From the records below, extract only the lines running from the line with "Suc i) = q *" to the line with "d * (\<Sum>i\<le>n.", both lines included, reproducing them exactly.

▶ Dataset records
____________________

(* Let $\Sigma$ be a finite alphabet, $\mathcal F\subseteq\Sigma^{\Sigma^*}$ and $T\in\mathbb N_+$, and let $\mathcal L(\mathcal F^{\mathrm{CoT}(T)})$ be the associated CoT loss class. If $\Sigma=\{0,1\}$, then $$\mathrm{VCdim}(\mathcal L(\mathcal F^{\mathrm{CoT}(T)}))\le3\,\mathrm{VCdim}(\mathcal F)\log_2\!\left(\frac{2T}{\ln2}\right).$$ For any non-binary finite $\Sigma$, $$\mathrm{VCdim}(\mathcal L(\mathcal F^{\mathrm{CoT}(T)}))\le3\,\mathrm{Ndim}(\mathcal F)\log_2\!\left(\frac{2\,\mathrm{Ndim}(\mathcal F)\,|\Sigma|^2\,T}{e\ln2}\right).$$
   Context: For $f:\Sigma^*\to\Sigma$, $\bar f(\mathbf x)$ is $\mathbf x$ with $f(\mathbf x)$ appended and $f^{\mathrm{CoT}(T)}=\bar f^{\circ T}$. The loss class $\mathcal L(\mathcal F^{\mathrm{CoT}(T)})=\{\ell_f:f\in\mathcal F\}$ consists of the $\{0,1\}$-valued functions on strings $\mathbf z$ (of length at least $T$) given by $\ell_f(\mathbf z)=\mathbf 1[\mathbf z\ne f^{\mathrm{CoT}(T)}(\mathbf x)]$, where $\mathbf x$ is $\mathbf z$ with its last $T$ tokens removed. $\mathrm{VCdim}$ is VC dimension. Natarajan dimension $\mathrm{Ndim}(\mathcal H)$: the largest size of a set $S$ for which there are $h_0,h_1$ with $h_0(\mathbf x)\ne h_1(\mathbf x)$ on $S$ such that for every $U\subseteq S$ some $h\in\mathcal H$ agrees with $h_0$ on $U$ and with $h_1$ on $S\setminus U$. *)

theory Defs
  imports Complex_Main "HOL-Library.Extended_Nat" "HOL-Library.Cardinality"
begin

definition cot_step :: "('a list \<Rightarrow> 'a) \<Rightarrow> 'a list \<Rightarrow> 'a list" where
  "cot_step f x = x @ [f x]"

definition cot :: "('a list \<Rightarrow> 'a) \<Rightarrow> nat \<Rightarrow> 'a list \<Rightarrow> 'a list" where
  "cot f T = (cot_step f ^^ T)"

text \<open>Loss function: true (=1) iff z differs from the CoT output on z with last T tokens removed.
  Meaningful on strings of length at least T (the domain used below).\<close>
definition loss :: "('a list \<Rightarrow> 'a) \<Rightarrow> nat \<Rightarrow> 'a list \<Rightarrow> bool" where
  "loss f T z = (z \<noteq> cot f T (take (length z - T) z))"

definition loss_class :: "('a list \<Rightarrow> 'a) set \<Rightarrow> nat \<Rightarrow> ('a list \<Rightarrow> bool) set" where
  "loss_class F T = (\<lambda>f. loss f T) ` F"

definition shatters :: "('x \<Rightarrow> bool) set \<Rightarrow> 'x set \<Rightarrow> bool" where
  "shatters H S = (\<forall>U\<subseteq>S. \<exists>h\<in>H. \<forall>x\<in>S. h x = (x \<in> U))"

definition VCdim_on :: "'x set \<Rightarrow> ('x \<Rightarrow> bool) set \<Rightarrow> enat" where
  "VCdim_on D H = Sup {enat (card S) | S. finite S \<and> S \<subseteq> D \<and> shatters H S}"

abbreviation VCdim :: "('x \<Rightarrow> bool) set \<Rightarrow> enat" where
  "VCdim H \<equiv> VCdim_on UNIV H"

definition N_shatters :: "('x \<Rightarrow> 'y) set \<Rightarrow> 'x set \<Rightarrow> bool" where
  "N_shatters H S = (\<exists>h0 h1. (\<forall>x\<in>S. h0 x \<noteq> h1 x) \<and>
      (\<forall>U\<subseteq>S. \<exists>h\<in>H. (\<forall>x\<in>U. h x = h0 x) \<and> (\<forall>x\<in>S - U. h x = h1 x)))"

definition Ndim :: "('x \<Rightarrow> 'y) set \<Rightarrow> enat" where
  "Ndim H = Sup {enat (card S) | S. finite S \<and> N_shatters H S}"

end

(*
  If the loss class shatters m strings of length at least T, its 2^m labellings are realised by
  pairwise different restrictions of F to the at most m T prefixes queried by the chain of thought:
  the loss at z only depends on f at the prefixes of z of lengths |z| - T, ..., |z| - 1.
  Natarajan's lemma bounds the number of restrictions of F to an n-set by
  sum_{i <= d} (n choose i) q^i with d = Ndim F and q = (|Sigma| choose 2); over a binary alphabet
  N-shattering is shattering, so d = VCdim F works. Comparing 2^m with the resulting bound
  (e q m T / d)^d and using ln x <= x - 1 gives m <= 2 d log2 (2 q T / ln 2), from which both
  stated bounds follow by elementary estimates.
*)
theory Submission
  imports Defs "HOL-Library.FuncSet" "HOL-Library.Countable"
begin

section \<open>Weighted Sauer--Shelah sums\<close>

definition sauer_bound :: "nat \<Rightarrow> nat \<Rightarrow> nat \<Rightarrow> nat" where
  "sauer_bound q n d = (\<Sum>i\<le>d. (n choose i) * q ^ i)"

lemma sauer_bound_0_left: "sauer_bound q 0 d = 1"
  unfolding sauer_bound_def by (induction d) auto

lemma sauer_bound_0_right: "sauer_bound q n 0 = 1"
  unfolding sauer_bound_def by simp

lemma sauer_bound_0_weight: "sauer_bound 0 n d = 1"
  unfolding sauer_bound_def by (induction d) auto

lemma sauer_bound_Suc_Suc:
  "sauer_bound q (Suc n) (Suc d) = sauer_bound q n (Suc d) + q * sauer_bound q n d"
proof -
  have "sauer_bound q (Suc n) (Suc d) = 1 + (\<Sum>i\<le>d. (Suc n choose Suc i) * q ^ Suc i)"
    unfolding sauer_bound_def by (subst sum.atMost_Suc_shift) simp
  also have "\<dots> = (1 + (\<Sum>i\<le>d. (n choose Suc i) * q ^ Suc i)) + (\<Sum>i\<le>d. (n choose i) * q ^ Suc i)"
    by (simp add: sum.distrib algebra_simps)
  also have "1 + (\<Sum>i\<le>d. (n choose Suc i) * q ^ Suc i) = sauer_bound q n (Suc d)"
    unfolding sauer_bound_def by (simp only: sum.atMost_Suc_shift) simp
  also have "(\<Sum>i\<le>d. (n choose i) * q ^ Suc i) = q * sauer_bound q n d"
    unfolding sauer_bound_def by (simp add: sum_distrib_left algebra_simps)
  finally show ?thesis .
qed

lemma sauer_bound_mono: "n \<le> n' \<Longrightarrow> sauer_bound q n d \<le> sauer_bound q n' d"
  unfolding sauer_bound_def by (intro sum_mono mult_right_mono binomial_right_mono) auto

lemma sauer_bound_le_exp:
  assumes "1 \<le> d" "d \<le> n" "1 \<le> q"
  shows "real (sauer_bound q n d) \<le> (exp 1 * real q * real n / real d) ^ d"
proof -
  define r where "r = real d / real n"
  have r: "0 < r" "r \<le> 1" using assms by (auto simp: r_def)
  have "real (sauer_bound q n d) \<le> (\<Sum>i\<le>d. real (n choose i) * real q ^ d)"
    unfolding sauer_bound_def of_nat_sum
    by (intro sum_mono) (use assms in \<open>auto intro: mult_left_mono power_increasing\<close>)
  also have "\<dots> \<le> (\<Sum>i\<le>d. real (n choose i) * real q ^ d * (r ^ i / r ^ d))"
  proof (intro sum_mono)
    fix i assume "i \<in> {..d}"
    then have "1 \<le> r ^ i / r ^ d"
      using r by (simp add: power_decreasing)
    then show "real (n choose i) * real q ^ d \<le> real (n choose i) * real q ^ d * (r ^ i / r ^ d)"
      using mult_left_mono[of 1 "r ^ i / r ^ d" "real (n choose i) * real q ^ d"] by simp
  qed
  also have "\<dots> = real q ^ d / r ^ d * (\<Sum>i\<le>d. real (n choose i) * r ^ i)"
    by (simp add: sum_distrib_left field_simps)
  also have "\<dots> \<le> real q ^ d / r ^ d * (\<Sum>i\<le>n. real (n choose i) * r ^ i)"
    using r assms by (intro mult_left_mono sum_mono2) auto
  also have "(\<Sum>i\<le>n. real (n choose i) * r ^ i) = (r + 1) ^ n"
    by (simp add: binomial_ring)
  also have "real q ^ d / r ^ d * (r + 1) ^ n \<le> real q ^ d / r ^ d * exp r ^ n"
    using r by (intro mult_left_mono power_mono) (auto simp: add.commute)
  also have "exp r ^ n = exp 1 ^ d"
    using assms by (simp add: r_def flip: exp_of_nat_mult)
  also have "real q ^ d / r ^ d * exp 1 ^ d = (exp 1 * real q * real n / real d) ^ d"
    using assms by (simp add: r_def power_divide power_mult_distrib field_simps)
  finally show ?thesis .
qed

section \<open>Natarajan's lemma\<close>

lemma bij_betw_doubleton_to_nat_less:
  "bij_betw (\<lambda>(a, b). {a, b}) {(a, b). to_nat (a :: 'y::countable) < to_nat (b :: 'y)} {A. card A = 2}"
proof (rule bij_betwI')
  show "((\<lambda>(a, b). {a, b}) p = (\<lambda>(a, b). {a, b}) p') = (p = p')"
    if "p \<in> {(a, b). to_nat a < to_nat b}" "p' \<in> {(a, b). to_nat a < to_nat b}" for p p' :: "'y \<times> 'y"
    using that by (cases p; cases p') (auto simp: doubleton_eq_iff)
  show "(\<lambda>(a, b). {a, b}) p \<in> {A. card A = 2}" if "p \<in> {(a, b). to_nat a < to_nat b}" for p :: "'y \<times> 'y"
    using that by (auto simp: card_insert_if)
  show "\<exists>p\<in>{(a, b). to_nat a < to_nat b}. A = (\<lambda>(a, b). {a, b}) p" if A: "A \<in> {A. card A = 2}" for A :: "'y set"
  proof -
    obtain a b where ab: "A = {a, b}" "a \<noteq> b"
      using A by (auto simp: card_2_iff)
    then have "to_nat a \<noteq> to_nat b"
      by simp
    then show ?thesis
    proof (rule linorder_neqE_nat)
      assume "to_nat a < to_nat b"
      then show ?thesis
        using ab by auto
    next
      assume "to_nat b < to_nat a"
      then show ?thesis
        using ab by (auto simp: insert_commute)
    qed
  qed
qed

definition trace :: "('x \<Rightarrow> 'y) set \<Rightarrow> 'x set \<Rightarrow> ('x \<Rightarrow> 'y) set" where
  "trace H S = (\<lambda>h. restrict h S) ` H"

definition extension_values :: "('x \<Rightarrow> 'y) set \<Rightarrow> 'x set \<Rightarrow> ('x \<Rightarrow> 'y) \<Rightarrow> 'x \<Rightarrow> 'y set" where
  "extension_values H S g x = {h x |h. h \<in> H \<and> restrict h S = g}"

definition forks :: "('x \<Rightarrow> 'y) set \<Rightarrow> 'x set \<Rightarrow> 'x \<Rightarrow> 'y \<Rightarrow> 'y \<Rightarrow> ('x \<Rightarrow> 'y) set" where
  "forks H S x a b = {h \<in> H. h x = a \<and> (\<exists>h'\<in>H. restrict h' S = restrict h S \<and> h' x = b)}"

lemma finite_trace:
  "finite S \<Longrightarrow> finite (trace (H :: ('x \<Rightarrow> 'y::finite) set) S)"
  unfolding trace_def by (rule finite_subset[OF _ finite_PiE[of S "\<lambda>_. UNIV"]]) auto

lemma card_trace_insert:
  fixes H :: "('x \<Rightarrow> 'y::finite) set"
  assumes "finite S"
  shows "card (trace H (insert x S)) = (\<Sum>g\<in>trace H S. card (extension_values H S g x))"
proof -
  have "bij_betw (\<lambda>r. (restrict r S, r x)) (trace H (insert x S)) (SIGMA g:trace H S. extension_values H S g x)"
  proof (rule bij_betw_imageI)
    show "inj_on (\<lambda>r. (restrict r S, r x)) (trace H (insert x S))"
      by (rule inj_onI) (auto simp: trace_def fun_eq_iff restrict_def split: if_splits)
    show "(\<lambda>r. (restrict r S, r x)) ` trace H (insert x S) = (SIGMA g:trace H S. extension_values H S g x)"
      by (auto simp: trace_def extension_values_def image_iff fun_eq_iff restrict_def) metis
  qed
  then show ?thesis
    using assms by (simp add: bij_betw_same_card finite_trace)
qed

lemma trace_forks:
  "trace (forks H S x a b) S
     = {g \<in> trace H S. a \<in> extension_values H S g x \<and> b \<in> extension_values H S g x}"
  unfolding trace_def forks_def extension_values_def by (auto simp: image_iff) metis

lemma card_le_Suc_card_pairs:
  assumes P: "\<And>a b. a \<noteq> b \<Longrightarrow> (a, b) \<in> P \<or> (b, a) \<in> P" and "finite E"
  shows "card E \<le> Suc (card {p \<in> P. p \<in> E \<times> E})"
proof (cases "E = {}")
  case False
  then obtain a where a: "a \<in> E"
    by auto
  define pair where "pair b = (if (a, b) \<in> P then (a, b) else (b, a))" for b
  have "inj_on pair (E - {a})"
    by (rule inj_onI) (auto simp: pair_def split: if_splits)
  moreover have "pair ` (E - {a}) \<subseteq> {p \<in> P. p \<in> E \<times> E}"
    using a P by (auto simp: pair_def)
  ultimately have "card (E - {a}) \<le> card {p \<in> P. p \<in> E \<times> E}"
    using \<open>finite E\<close> by (intro card_inj_on_le) auto
  then show ?thesis
    using card.remove[OF \<open>finite E\<close> a] by simp
qed simp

____________________

▶ Exercise response
  also have "(\<Sum>i\<le>d. (n choose i) * q ^ Suc i) = q * sauer_bound q n d"
    unfolding sauer_bound_def by (simp add: sum_distrib_left algebra_simps)
  finally show ?thesis .
qed

lemma sauer_bound_mono: "n \<le> n' \<Longrightarrow> sauer_bound q n d \<le> sauer_bound q n' d"
  unfolding sauer_bound_def by (intro sum_mono mult_right_mono binomial_right_mono) auto

lemma sauer_bound_le_exp:
  assumes "1 \<le> d" "d \<le> n" "1 \<le> q"
  shows "real (sauer_bound q n d) \<le> (exp 1 * real q * real n / real d) ^ d"
proof -
  define r where "r = real d / real n"
  have r: "0 < r" "r \<le> 1" using assms by (auto simp: r_def)
  have "real (sauer_bound q n d) \<le> (\<Sum>i\<le>d. real (n choose i) * real q ^ d)"
    unfolding sauer_bound_def of_nat_sum
    by (intro sum_mono) (use assms in \<open>auto intro: mult_left_mono power_increasing\<close>)
  also have "\<dots> \<le> (\<Sum>i\<le>d. real (n choose i) * real q ^ d * (r ^ i / r ^ d))"
  proof (intro sum_mono)
    fix i assume "i \<in> {..d}"
    then have "1 \<le> r ^ i / r ^ d"
      using r by (simp add: power_decreasing)
    then show "real (n choose i) * real q ^ d \<le> real (n choose i) * real q ^ d * (r ^ i / r ^ d)"
      using mult_left_mono[of 1 "r ^ i / r ^ d" "real (n choose i) * real q ^ d"] by simp
  qed
  also have "\<dots> = real q ^ d / r ^ d * (\<Sum>i\<le>d. real (n choose i) * r ^ i)"
    by (simp add: sum_distrib_left field_simps)
  also have "\<dots> \<le> real q ^ d / r ^ d * (\<Sum>i\<le>n. real (n choose i) * r ^ i)"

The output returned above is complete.